We have the power to stop it because of researchers and scientists who discovered a vaccine that is wildly more effective than the vaccines that have been invented to attack other diseases--90 percent effective, if not more, against COVID. If everybody got vaccinated in this country, we could all take off our masks. If everybody was vaccinated in this country, we wouldn't have to be passing emergency relief bills to keep the economy afloat. If everybody got vaccinated, we could open back up all of our restaurants. That is what Americans want. That is why this policy is so popular.
And I understand what my friend from Oklahoma is saying, that they are not arguing over the efficacy of the vaccine, they are just arguing over the constitutional powers of the Presidency.
But come on. Come on. We understand the power of our words in this place. Republicans know that when they come down to the floor and attack the vaccine mandate day after day after day, they know they are giving fuel to the fire of the anti-vaccine campaign. They know that they have become an extension of those that are trying to convince Americans that the vaccine has a microchip in it, that the vaccine kills you.
It just strains credibility for my Republican colleagues to suggest that there is no connection between the anti-vaccination campaign in this country and those that are every single day on the floor of the Senate talking about how dangerous it is to require that people in this country get the vaccine. There is a connection, and the growing movement of people in this country who think that the vaccine is some conspiracy to hurt people--well, this movement to try to end the vaccine campaign by the President, it is wind underneath their wings.
But let's talk about what this policy really is because it is actually not a mandate for vaccinations. It is a testing mandate. Right? That is what it is. What it says is that everybody in these big employers has to get tested once a week, and if you don't want to get tested, then your employees can get vaccinated.
Let's be clear. This is a testing requirement, not a vaccination requirement, and that testing requirement is totally consistent with the history of OSHA. In fact, OSHA is in the business of mandating testing.

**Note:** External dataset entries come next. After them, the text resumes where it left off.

(* Let $K>0$ and let $J:V\to V\otimes V$ be any isometric linear isomorphism with $Je_0=e_0\otimes e_0$. There exist $K'>0$ and $\epsilon_0>0$ (independent of $J$) such that for every $0<\epsilon\leq\epsilon_0$ and every 4-tensor $A$ satisfying condition A2 with parameter $\epsilon$ and constant $K$, the tensor $A'$ obtained from $A$ by the type I step satisfies $|A'_{0000}-1|\leq K'\epsilon^4$, and $A'/A'_{0000}$ satisfies condition A3 with parameter $\epsilon$ and constant $K'$.
   Context: $V$ is a real separable infinite-dimensional Hilbert space with orthonormal basis $(e_i)_{i\geq0}$; $V\otimes V$ has orthonormal basis $e_a\otimes e_b$, indexed by pairs $(a,b)$. A 4-tensor is an array $A=(A_{ijkl})_{i,j,k,l\geq0}$ of reals with finite Hilbert–Schmidt norm $\|A\|=(\sum A_{ijkl}^2)^{1/2}$; indices belong to the right, top, left, bottom legs. $A_*$ has $(A_* )_{0000}=1$, all other components $0$. An index is nonzero if it is $\geq1$. Condition A1 (parameter $\epsilon$, constant $K$): $A_{0000}=1$ and $\|A-A_*\|\leq K\epsilon$. Condition A2: A1 holds and the tensor formed by components of $A$ with exactly one nonzero index has norm $\leq K\epsilon^2$. Condition A3: $A_{0000}=1$ and $A=A_*+P+Q$ where $\|P\|\leq K\epsilon$, $\|Q\|\leq K\epsilon^2$, and the only possibly nonzero components of $P$ are "corner" components: $P_{ij00}$, $P_{0jk0}$, $P_{00kl}$, $P_{i00l}$ with both displayed indices nonzero (in particular, components of $P$ with exactly one nonzero index vanish). Type I step: with $T_{(i_1i_2),(j_1j_2),(k_1k_2),(l_1l_2)}=\sum_{a,b,c,d\geq0}A_{aj_1k_1c}A_{i_1j_2ad}A_{bck_2l_1}A_{i_2dbl_2}$ (contraction of four copies of $A$ in a $2\times2$ block), define $A'_{pqrs}=\sum J_{(i_1i_2),p}J_{(j_1j_2),q}J_{(k_1k_2),r}J_{(l_1l_2),s}T_{(i_1i_2),(j_1j_2),(k_1k_2),(l_1l_2)}$, where $J_{(ab),p}=\langle e_a\otimes e_b,Je_p\rangle$. *)

theory Defs
  imports "HOL-Analysis.Analysis"
begin

text \<open>The Hilbert space V is realised as l2(nat) (coordinates w.r.t. the basis e_i);
  V \<otimes> V is realised as l2(nat \<times> nat) with basis e_a \<otimes> e_b = delta at (a,b).\<close>

definition l2 :: "('a \<Rightarrow> real) set" where
  "l2 = {x. (\<lambda>i. (x i)^2) summable_on UNIV}"

definition l2norm :: "('a \<Rightarrow> real) \<Rightarrow> real" where
  "l2norm x = sqrt (\<Sum>\<^sub>\<infinity>i. (x i)^2)"

definition basisvec :: "'a \<Rightarrow> 'a \<Rightarrow> real" where
  "basisvec i = (\<lambda>j. if j = i then 1 else 0)"

definition iso_J :: "((nat \<Rightarrow> real) \<Rightarrow> (nat \<times> nat \<Rightarrow> real)) \<Rightarrow> bool" where
  "iso_J J \<longleftrightarrow>
     bij_betw J l2 l2 \<and>
     (\<forall>x\<in>l2. \<forall>y\<in>l2. J (\<lambda>i. x i + y i) = (\<lambda>ab. J x ab + J y ab)) \<and>
     (\<forall>x\<in>l2. \<forall>c. J (\<lambda>i. c * x i) = (\<lambda>ab. c * J x ab)) \<and>
     (\<forall>x\<in>l2. l2norm (J x) = l2norm x) \<and>
     J (basisvec 0) = basisvec (0, 0)"

definition Jcoef :: "((nat \<Rightarrow> real) \<Rightarrow> (nat \<times> nat \<Rightarrow> real)) \<Rightarrow> nat \<times> nat \<Rightarrow> nat \<Rightarrow> real" where
  "Jcoef J ab p = J (basisvec p) ab"

type_synonym tensor4 = "nat \<Rightarrow> nat \<Rightarrow> nat \<Rightarrow> nat \<Rightarrow> real"

definition hs_fin :: "tensor4 \<Rightarrow> bool" where
  "hs_fin A \<longleftrightarrow> (\<lambda>(i, j, k, l). (A i j k l)^2) summable_on UNIV"

definition hs_norm :: "tensor4 \<Rightarrow> real" where
  "hs_norm A = sqrt (\<Sum>\<^sub>\<infinity>(i, j, k, l). (A i j k l)^2)"

definition Astar :: tensor4 where
  "Astar i j k l = (if i = 0 \<and> j = 0 \<and> k = 0 \<and> l = 0 then 1 else 0)"

definition nnz :: "nat \<Rightarrow> nat" where
  "nnz i = (if i \<ge> 1 then 1 else 0)"

definition one_nz_part :: "tensor4 \<Rightarrow> tensor4" where
  "one_nz_part A i j k l = (if nnz i + nnz j + nnz k + nnz l = 1 then A i j k l else 0)"

definition condA1 :: "real \<Rightarrow> real \<Rightarrow> tensor4 \<Rightarrow> bool" where
  "condA1 K \<epsilon> A \<longleftrightarrow> hs_fin A \<and> A 0 0 0 0 = 1 \<and>
     hs_norm (\<lambda>i j k l. A i j k l - Astar i j k l) \<le> K * \<epsilon>"

definition condA2 :: "real \<Rightarrow> real \<Rightarrow> tensor4 \<Rightarrow> bool" where
  "condA2 K \<epsilon> A \<longleftrightarrow> condA1 K \<epsilon> A \<and> hs_norm (one_nz_part A) \<le> K * \<epsilon>^2"

definition corner :: "nat \<Rightarrow> nat \<Rightarrow> nat \<Rightarrow> nat \<Rightarrow> bool" where
  "corner i j k l \<longleftrightarrow>
     (i \<ge> 1 \<and> j \<ge> 1 \<and> k = 0 \<and> l = 0) \<or>
     (i = 0 \<and> j \<ge> 1 \<and> k \<ge> 1 \<and> l = 0) \<or>
     (i = 0 \<and> j = 0 \<and> k \<ge> 1 \<and> l \<ge> 1) \<or>
     (i \<ge> 1 \<and> j = 0 \<and> k = 0 \<and> l \<ge> 1)"

definition condA3 :: "real \<Rightarrow> real \<Rightarrow> tensor4 \<Rightarrow> bool" where
  "condA3 K \<epsilon> A \<longleftrightarrow> A 0 0 0 0 = 1 \<and>
     (\<exists>P Q. hs_fin P \<and> hs_fin Q \<and>
        (\<forall>i j k l. A i j k l = Astar i j k l + P i j k l + Q i j k l) \<and>
        hs_norm P \<le> K * \<epsilon> \<and> hs_norm Q \<le> K * \<epsilon>^2 \<and>
        (\<forall>i j k l. \<not> corner i j k l \<longrightarrow> P i j k l = 0))"

definition blockT :: "tensor4 \<Rightarrow> nat \<times> nat \<Rightarrow> nat \<times> nat \<Rightarrow> nat \<times> nat \<Rightarrow> nat \<times> nat \<Rightarrow> real" where
  "blockT A = (\<lambda>(i1, i2) (j1, j2) (k1, k2) (l1, l2).
     \<Sum>\<^sub>\<infinity>(a, b, c, d). A a j1 k1 c * A i1 j2 a d * A b c k2 l1 * A i2 d b l2)"

definition typeI :: "((nat \<Rightarrow> real) \<Rightarrow> (nat \<times> nat \<Rightarrow> real)) \<Rightarrow> tensor4 \<Rightarrow> tensor4" where
  "typeI J A p q r s =
     (\<Sum>\<^sub>\<infinity>(x, y, z, w). Jcoef J x p * Jcoef J y q * Jcoef J z r * Jcoef J w s * blockT A x y z w)"

end

theory Submission
  imports Defs
begin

OSHA mandates blood testing for industries with high exposures to lead. OSHA mandates hearing tests for industries with high noise level exposure. OSHA mandates testing for exposure to silica in industries that are working in and around silica.
OSHA requires testing all the time. So that is what they are doing here--yes, on a bigger scale and, yes, also with an ability to avoid the testing if you get vaccinated. But that is what this requirement is really all about.
And it is working. It is working--the numbers going from 50 to 96 percent in a company like Tyson Foods after the vaccine requirement.
Lastly, let me say this: This general lack of seriousness from our Republican colleagues about a plague that has killed 700,000 Americans, it is just stunning to me. It is just stunning. These aren't bee stings. These aren't knee scrapes. This is a deadly pandemic that has ended the lives of 700,000 of our mothers and fathers and sisters and brothers prematurely, hundreds of thousands of Americans who should be sitting at the Christmas table, who should be at Hanukkah celebrations with their families this month. And they are gone; 700,000 Americans have disappeared.
But apparently, the inconvenience of a weekly test is so odious, is so revolting, that it is worth another 700,000 people dying--because that is what we are talking about: a weekly test. The OSHA rule does not mandate the vaccine; it is a way out of the weekly test, a weekly test that is a little swab swirled around your nostril five or six times for 30 seconds.
That is the requirement. That is the cost, the sky-high, Constitution-violating, unpatriotic cost the Republicans have been down here on the floor railing against for a month. Estimates suggest that that requirement can save thousands of lives. But apparently, the cost of a nose tickle is too great a cost to pay to save thousands and thousands of Americans from dying from a preventable pandemic.
I urge my colleagues to oppose this effort.